Using the listing below, print exactly everything from the line with "cmod (\<phi> x)" down to the line with "y *\<^sub>C z) z", both included, and nothing more.

» **EXTRACTED DATA**:

┏━━

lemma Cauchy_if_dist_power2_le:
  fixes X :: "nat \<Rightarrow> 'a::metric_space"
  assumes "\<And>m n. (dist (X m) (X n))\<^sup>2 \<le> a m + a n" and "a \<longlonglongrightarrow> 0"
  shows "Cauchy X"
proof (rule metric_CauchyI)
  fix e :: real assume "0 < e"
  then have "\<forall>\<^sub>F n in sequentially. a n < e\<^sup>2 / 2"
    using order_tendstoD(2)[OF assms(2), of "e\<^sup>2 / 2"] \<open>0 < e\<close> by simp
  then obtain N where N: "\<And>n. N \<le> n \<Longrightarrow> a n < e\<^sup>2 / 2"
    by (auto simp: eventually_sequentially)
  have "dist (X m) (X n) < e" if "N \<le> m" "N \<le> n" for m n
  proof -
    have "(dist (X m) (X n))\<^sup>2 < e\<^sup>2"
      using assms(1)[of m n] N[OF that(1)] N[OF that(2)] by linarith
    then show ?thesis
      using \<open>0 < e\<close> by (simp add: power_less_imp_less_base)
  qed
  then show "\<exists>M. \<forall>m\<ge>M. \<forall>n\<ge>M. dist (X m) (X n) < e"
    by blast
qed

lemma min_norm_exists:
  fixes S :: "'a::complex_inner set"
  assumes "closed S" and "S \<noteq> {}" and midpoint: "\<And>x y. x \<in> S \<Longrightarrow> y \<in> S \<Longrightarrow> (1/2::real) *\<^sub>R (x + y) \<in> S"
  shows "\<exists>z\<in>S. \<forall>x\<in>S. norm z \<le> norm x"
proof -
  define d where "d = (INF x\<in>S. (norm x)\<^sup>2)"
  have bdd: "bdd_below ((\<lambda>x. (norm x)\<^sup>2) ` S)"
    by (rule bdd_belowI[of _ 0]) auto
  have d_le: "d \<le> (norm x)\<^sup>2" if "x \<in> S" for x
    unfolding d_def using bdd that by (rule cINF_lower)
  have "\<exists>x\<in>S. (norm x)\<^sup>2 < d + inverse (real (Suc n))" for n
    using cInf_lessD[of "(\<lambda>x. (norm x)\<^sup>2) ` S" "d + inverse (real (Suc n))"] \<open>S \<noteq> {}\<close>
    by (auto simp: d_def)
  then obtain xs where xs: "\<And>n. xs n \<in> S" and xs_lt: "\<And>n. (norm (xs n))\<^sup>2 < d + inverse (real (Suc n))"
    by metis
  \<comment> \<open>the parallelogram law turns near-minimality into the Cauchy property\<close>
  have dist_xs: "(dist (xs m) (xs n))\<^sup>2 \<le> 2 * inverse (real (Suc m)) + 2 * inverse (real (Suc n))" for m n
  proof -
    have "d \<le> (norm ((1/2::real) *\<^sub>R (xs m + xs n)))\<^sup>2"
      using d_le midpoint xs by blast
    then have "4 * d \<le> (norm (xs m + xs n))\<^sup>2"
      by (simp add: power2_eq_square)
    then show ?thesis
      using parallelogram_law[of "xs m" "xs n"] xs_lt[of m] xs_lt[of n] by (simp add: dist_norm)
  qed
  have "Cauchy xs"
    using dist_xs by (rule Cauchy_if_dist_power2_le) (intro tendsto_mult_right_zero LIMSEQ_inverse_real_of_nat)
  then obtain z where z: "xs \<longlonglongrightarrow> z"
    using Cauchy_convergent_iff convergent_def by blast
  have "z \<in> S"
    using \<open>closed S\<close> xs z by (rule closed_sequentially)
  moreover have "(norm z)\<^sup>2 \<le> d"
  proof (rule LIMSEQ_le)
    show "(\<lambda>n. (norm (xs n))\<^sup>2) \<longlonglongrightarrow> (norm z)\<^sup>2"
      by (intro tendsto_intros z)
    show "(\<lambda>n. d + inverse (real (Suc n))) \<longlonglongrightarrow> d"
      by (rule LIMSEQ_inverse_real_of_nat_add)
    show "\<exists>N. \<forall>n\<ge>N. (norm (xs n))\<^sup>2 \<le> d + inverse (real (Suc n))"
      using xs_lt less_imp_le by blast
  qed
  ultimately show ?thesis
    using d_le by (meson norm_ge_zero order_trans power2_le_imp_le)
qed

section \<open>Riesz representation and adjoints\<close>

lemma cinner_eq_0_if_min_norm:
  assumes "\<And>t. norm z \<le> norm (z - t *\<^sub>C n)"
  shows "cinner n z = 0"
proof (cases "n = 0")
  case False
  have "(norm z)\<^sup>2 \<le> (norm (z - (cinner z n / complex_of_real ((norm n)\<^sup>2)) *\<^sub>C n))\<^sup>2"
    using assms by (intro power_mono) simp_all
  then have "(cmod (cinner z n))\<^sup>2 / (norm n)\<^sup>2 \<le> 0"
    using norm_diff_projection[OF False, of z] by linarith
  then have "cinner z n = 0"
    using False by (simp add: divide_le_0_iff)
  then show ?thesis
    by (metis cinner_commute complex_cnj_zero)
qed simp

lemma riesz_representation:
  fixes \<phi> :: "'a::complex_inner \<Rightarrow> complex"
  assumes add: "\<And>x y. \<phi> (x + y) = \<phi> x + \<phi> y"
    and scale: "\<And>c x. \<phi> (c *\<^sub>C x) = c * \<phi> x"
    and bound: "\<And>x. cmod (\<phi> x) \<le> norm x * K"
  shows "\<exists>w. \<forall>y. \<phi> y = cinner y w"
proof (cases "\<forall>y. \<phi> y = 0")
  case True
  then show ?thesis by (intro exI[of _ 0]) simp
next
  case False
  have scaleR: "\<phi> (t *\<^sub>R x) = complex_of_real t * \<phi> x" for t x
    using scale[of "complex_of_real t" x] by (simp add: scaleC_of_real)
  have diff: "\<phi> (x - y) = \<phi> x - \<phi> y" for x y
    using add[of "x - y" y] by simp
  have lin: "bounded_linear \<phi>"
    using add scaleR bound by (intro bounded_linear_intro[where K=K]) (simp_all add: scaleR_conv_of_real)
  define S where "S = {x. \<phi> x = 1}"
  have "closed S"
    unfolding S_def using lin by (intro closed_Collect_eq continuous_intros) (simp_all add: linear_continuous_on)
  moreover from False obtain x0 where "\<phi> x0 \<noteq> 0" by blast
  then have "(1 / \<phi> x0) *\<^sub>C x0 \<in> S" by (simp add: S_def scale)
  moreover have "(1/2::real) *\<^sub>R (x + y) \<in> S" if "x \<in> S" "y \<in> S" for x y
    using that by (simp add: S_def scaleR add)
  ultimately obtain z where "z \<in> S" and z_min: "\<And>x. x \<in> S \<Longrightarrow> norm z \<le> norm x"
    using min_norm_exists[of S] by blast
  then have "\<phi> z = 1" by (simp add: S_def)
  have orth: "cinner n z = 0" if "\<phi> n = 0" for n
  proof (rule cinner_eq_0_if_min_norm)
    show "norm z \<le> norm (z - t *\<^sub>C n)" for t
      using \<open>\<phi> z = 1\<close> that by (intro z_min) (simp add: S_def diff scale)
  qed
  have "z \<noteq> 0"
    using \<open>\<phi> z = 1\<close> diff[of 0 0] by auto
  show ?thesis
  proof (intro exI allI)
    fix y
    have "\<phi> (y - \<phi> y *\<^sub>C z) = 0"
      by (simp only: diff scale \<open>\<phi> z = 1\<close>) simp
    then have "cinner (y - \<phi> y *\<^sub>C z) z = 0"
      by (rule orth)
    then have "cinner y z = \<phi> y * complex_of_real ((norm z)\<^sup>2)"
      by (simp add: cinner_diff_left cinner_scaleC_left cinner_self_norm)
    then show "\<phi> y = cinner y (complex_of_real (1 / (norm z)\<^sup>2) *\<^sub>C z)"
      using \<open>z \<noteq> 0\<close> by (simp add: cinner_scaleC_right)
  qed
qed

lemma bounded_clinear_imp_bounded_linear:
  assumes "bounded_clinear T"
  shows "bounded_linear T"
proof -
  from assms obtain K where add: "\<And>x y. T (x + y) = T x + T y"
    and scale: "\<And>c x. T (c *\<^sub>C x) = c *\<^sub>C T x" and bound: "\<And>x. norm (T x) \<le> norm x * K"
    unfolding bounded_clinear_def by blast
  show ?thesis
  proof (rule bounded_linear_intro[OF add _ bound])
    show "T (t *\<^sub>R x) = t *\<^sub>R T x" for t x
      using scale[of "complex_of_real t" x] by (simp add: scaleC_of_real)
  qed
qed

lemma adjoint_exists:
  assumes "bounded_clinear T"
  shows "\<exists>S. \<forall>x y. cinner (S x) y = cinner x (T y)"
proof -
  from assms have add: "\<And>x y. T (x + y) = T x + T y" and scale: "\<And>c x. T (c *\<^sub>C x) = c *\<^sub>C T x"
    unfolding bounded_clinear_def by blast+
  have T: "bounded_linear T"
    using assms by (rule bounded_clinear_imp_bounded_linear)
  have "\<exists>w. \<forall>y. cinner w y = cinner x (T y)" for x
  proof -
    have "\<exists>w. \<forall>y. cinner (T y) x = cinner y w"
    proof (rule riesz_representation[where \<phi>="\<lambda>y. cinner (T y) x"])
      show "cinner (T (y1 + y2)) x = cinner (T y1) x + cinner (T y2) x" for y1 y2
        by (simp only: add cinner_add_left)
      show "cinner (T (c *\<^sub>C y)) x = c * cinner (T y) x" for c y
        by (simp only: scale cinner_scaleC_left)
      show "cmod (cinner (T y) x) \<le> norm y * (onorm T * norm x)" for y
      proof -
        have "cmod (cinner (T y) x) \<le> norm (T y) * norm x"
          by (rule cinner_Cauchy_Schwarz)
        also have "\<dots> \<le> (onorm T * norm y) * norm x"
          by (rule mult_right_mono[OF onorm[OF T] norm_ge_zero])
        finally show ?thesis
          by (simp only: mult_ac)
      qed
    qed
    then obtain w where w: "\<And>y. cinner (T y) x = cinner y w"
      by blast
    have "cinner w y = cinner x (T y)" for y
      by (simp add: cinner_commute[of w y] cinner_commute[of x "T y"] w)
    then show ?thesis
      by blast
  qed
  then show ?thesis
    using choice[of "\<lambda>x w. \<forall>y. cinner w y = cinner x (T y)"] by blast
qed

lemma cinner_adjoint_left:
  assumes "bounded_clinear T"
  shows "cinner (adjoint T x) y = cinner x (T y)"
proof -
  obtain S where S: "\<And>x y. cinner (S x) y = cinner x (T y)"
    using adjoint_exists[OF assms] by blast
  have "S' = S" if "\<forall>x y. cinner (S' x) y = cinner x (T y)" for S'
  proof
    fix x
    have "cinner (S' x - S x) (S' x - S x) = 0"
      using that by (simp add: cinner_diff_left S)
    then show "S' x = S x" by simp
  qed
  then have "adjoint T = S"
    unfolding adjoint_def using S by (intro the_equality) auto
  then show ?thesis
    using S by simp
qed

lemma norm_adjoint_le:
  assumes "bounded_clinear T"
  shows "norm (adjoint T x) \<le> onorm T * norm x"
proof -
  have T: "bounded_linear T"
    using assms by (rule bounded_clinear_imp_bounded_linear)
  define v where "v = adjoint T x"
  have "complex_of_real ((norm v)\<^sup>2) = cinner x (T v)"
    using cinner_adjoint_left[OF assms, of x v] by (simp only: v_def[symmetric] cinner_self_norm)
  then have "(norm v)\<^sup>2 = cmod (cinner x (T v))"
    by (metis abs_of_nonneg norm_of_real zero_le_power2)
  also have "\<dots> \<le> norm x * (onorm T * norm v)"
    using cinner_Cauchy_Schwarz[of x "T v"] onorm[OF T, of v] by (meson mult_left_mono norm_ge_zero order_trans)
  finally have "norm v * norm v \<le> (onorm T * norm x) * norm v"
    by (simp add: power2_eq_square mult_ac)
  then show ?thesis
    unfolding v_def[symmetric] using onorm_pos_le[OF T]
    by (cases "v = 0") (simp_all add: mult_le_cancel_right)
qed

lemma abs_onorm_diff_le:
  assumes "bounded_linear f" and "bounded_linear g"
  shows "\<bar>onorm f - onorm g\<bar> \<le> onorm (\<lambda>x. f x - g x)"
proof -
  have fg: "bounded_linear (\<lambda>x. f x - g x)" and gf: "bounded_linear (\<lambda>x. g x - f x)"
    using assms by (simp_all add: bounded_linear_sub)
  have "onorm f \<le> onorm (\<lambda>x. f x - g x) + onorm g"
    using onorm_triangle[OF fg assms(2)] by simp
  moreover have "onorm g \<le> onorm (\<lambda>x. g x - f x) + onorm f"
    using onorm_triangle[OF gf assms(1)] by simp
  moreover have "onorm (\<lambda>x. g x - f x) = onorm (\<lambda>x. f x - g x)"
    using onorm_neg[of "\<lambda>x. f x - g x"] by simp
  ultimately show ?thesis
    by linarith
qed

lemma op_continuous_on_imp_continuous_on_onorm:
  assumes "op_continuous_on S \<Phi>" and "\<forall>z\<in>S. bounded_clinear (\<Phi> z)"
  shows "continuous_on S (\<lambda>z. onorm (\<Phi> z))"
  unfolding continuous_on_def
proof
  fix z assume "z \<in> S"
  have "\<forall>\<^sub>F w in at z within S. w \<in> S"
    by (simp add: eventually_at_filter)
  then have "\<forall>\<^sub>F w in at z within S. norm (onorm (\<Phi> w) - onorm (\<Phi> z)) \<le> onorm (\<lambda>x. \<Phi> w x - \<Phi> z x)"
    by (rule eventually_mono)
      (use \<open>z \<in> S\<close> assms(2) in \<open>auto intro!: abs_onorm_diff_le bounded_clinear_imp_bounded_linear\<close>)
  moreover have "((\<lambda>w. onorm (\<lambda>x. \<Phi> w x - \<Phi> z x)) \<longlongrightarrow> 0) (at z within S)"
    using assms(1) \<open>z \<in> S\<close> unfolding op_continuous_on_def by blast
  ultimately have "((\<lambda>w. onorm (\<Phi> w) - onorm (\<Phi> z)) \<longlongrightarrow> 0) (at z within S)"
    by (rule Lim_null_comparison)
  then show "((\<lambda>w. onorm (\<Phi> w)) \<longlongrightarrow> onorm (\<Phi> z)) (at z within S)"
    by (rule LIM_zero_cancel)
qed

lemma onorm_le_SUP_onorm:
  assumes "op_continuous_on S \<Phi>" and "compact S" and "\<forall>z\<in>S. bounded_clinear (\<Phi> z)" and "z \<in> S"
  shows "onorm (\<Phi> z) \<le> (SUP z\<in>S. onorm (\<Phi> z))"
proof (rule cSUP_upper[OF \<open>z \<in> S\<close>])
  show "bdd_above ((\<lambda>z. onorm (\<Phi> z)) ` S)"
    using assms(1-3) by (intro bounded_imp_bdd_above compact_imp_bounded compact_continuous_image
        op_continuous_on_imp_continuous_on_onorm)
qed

┗━━

» **RESULT OF THE TASK**:
    and bound: "\<And>x. cmod (\<phi> x) \<le> norm x * K"
  shows "\<exists>w. \<forall>y. \<phi> y = cinner y w"
proof (cases "\<forall>y. \<phi> y = 0")
  case True
  then show ?thesis by (intro exI[of _ 0]) simp
next
  case False
  have scaleR: "\<phi> (t *\<^sub>R x) = complex_of_real t * \<phi> x" for t x
    using scale[of "complex_of_real t" x] by (simp add: scaleC_of_real)
  have diff: "\<phi> (x - y) = \<phi> x - \<phi> y" for x y
    using add[of "x - y" y] by simp
  have lin: "bounded_linear \<phi>"
    using add scaleR bound by (intro bounded_linear_intro[where K=K]) (simp_all add: scaleR_conv_of_real)
  define S where "S = {x. \<phi> x = 1}"
  have "closed S"
    unfolding S_def using lin by (intro closed_Collect_eq continuous_intros) (simp_all add: linear_continuous_on)
  moreover from False obtain x0 where "\<phi> x0 \<noteq> 0" by blast
  then have "(1 / \<phi> x0) *\<^sub>C x0 \<in> S" by (simp add: S_def scale)
  moreover have "(1/2::real) *\<^sub>R (x + y) \<in> S" if "x \<in> S" "y \<in> S" for x y
    using that by (simp add: S_def scaleR add)
  ultimately obtain z where "z \<in> S" and z_min: "\<And>x. x \<in> S \<Longrightarrow> norm z \<le> norm x"
    using min_norm_exists[of S] by blast
  then have "\<phi> z = 1" by (simp add: S_def)
  have orth: "cinner n z = 0" if "\<phi> n = 0" for n
  proof (rule cinner_eq_0_if_min_norm)
    show "norm z \<le> norm (z - t *\<^sub>C n)" for t
      using \<open>\<phi> z = 1\<close> that by (intro z_min) (simp add: S_def diff scale)
  qed
  have "z \<noteq> 0"
    using \<open>\<phi> z = 1\<close> diff[of 0 0] by auto
  show ?thesis
  proof (intro exI allI)
    fix y
    have "\<phi> (y - \<phi> y *\<^sub>C z) = 0"
      by (simp only: diff scale \<open>\<phi> z = 1\<close>) simp
    then have "cinner (y - \<phi> y *\<^sub>C z) z = 0"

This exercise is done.